Stored data entries
lemma tendsto_nn_integral_truncation_error:
  fixes F :: "'a \<Rightarrow> real"
  assumes [measurable]: "F \<in> borel_measurable M" and finite: "(\<integral>\<^sup>+x. ennreal (F x) \<partial>M) < \<infinity>"
  shows "(\<lambda>K. \<integral>\<^sup>+x. ennreal (F x - min (F x) (real K)) \<partial>M) \<longlonglongrightarrow> 0"
proof -
  have "(\<lambda>K. \<integral>\<^sup>+x. ennreal (F x - min (F x) (real K)) \<partial>M) \<longlonglongrightarrow> (\<integral>\<^sup>+x. 0 \<partial>M)"
  proof (rule nn_integral_dominated_convergence[where w = "\<lambda>x. ennreal (F x)"])
    show "AE x in M. ennreal (F x - min (F x) (real K)) \<le> ennreal (F x)" for K
    proof (rule AE_I2)
      fix x
      show "ennreal (F x - min (F x) (real K)) \<le> ennreal (F x)"
        by (cases "F x \<ge> 0") (auto intro: ennreal_leI)
    qed
    show "AE x in M. (\<lambda>K. ennreal (F x - min (F x) (real K))) \<longlonglongrightarrow> 0"
    proof (intro AE_I2 tendsto_eventually)
      fix x
      show "\<forall>\<^sub>F K in sequentially. ennreal (F x - min (F x) (real K)) = 0"
      proof (rule eventually_mono[OF eventually_ge_at_top[of "nat \<lceil>F x\<rceil>"]])
        fix K assume "nat \<lceil>F x\<rceil> \<le> K"
        then have "F x \<le> real K"
          using real_nat_ceiling_ge[of "F x"] by (meson of_nat_le_iff order_trans)
        then show "ennreal (F x - min (F x) (real K)) = 0"
          by simp
      qed
    qed
  qed (use finite in simp_all)
  then show ?thesis
    by simp
qed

» Directions
The range runs from the line above containing "proof (rule AE_I2)" to the line containing "in M. (\<lambda>K.", inclusive. Restate those lines word for word and no others.

» Response to the exercise
    proof (rule AE_I2)
      fix x
      show "ennreal (F x - min (F x) (real K)) \<le> ennreal (F x)"
        by (cases "F x \<ge> 0") (auto intro: ennreal_leI)
    qed
    show "AE x in M. (\<lambda>K. ennreal (F x - min (F x) (real K))) \<longlonglongrightarrow> 0"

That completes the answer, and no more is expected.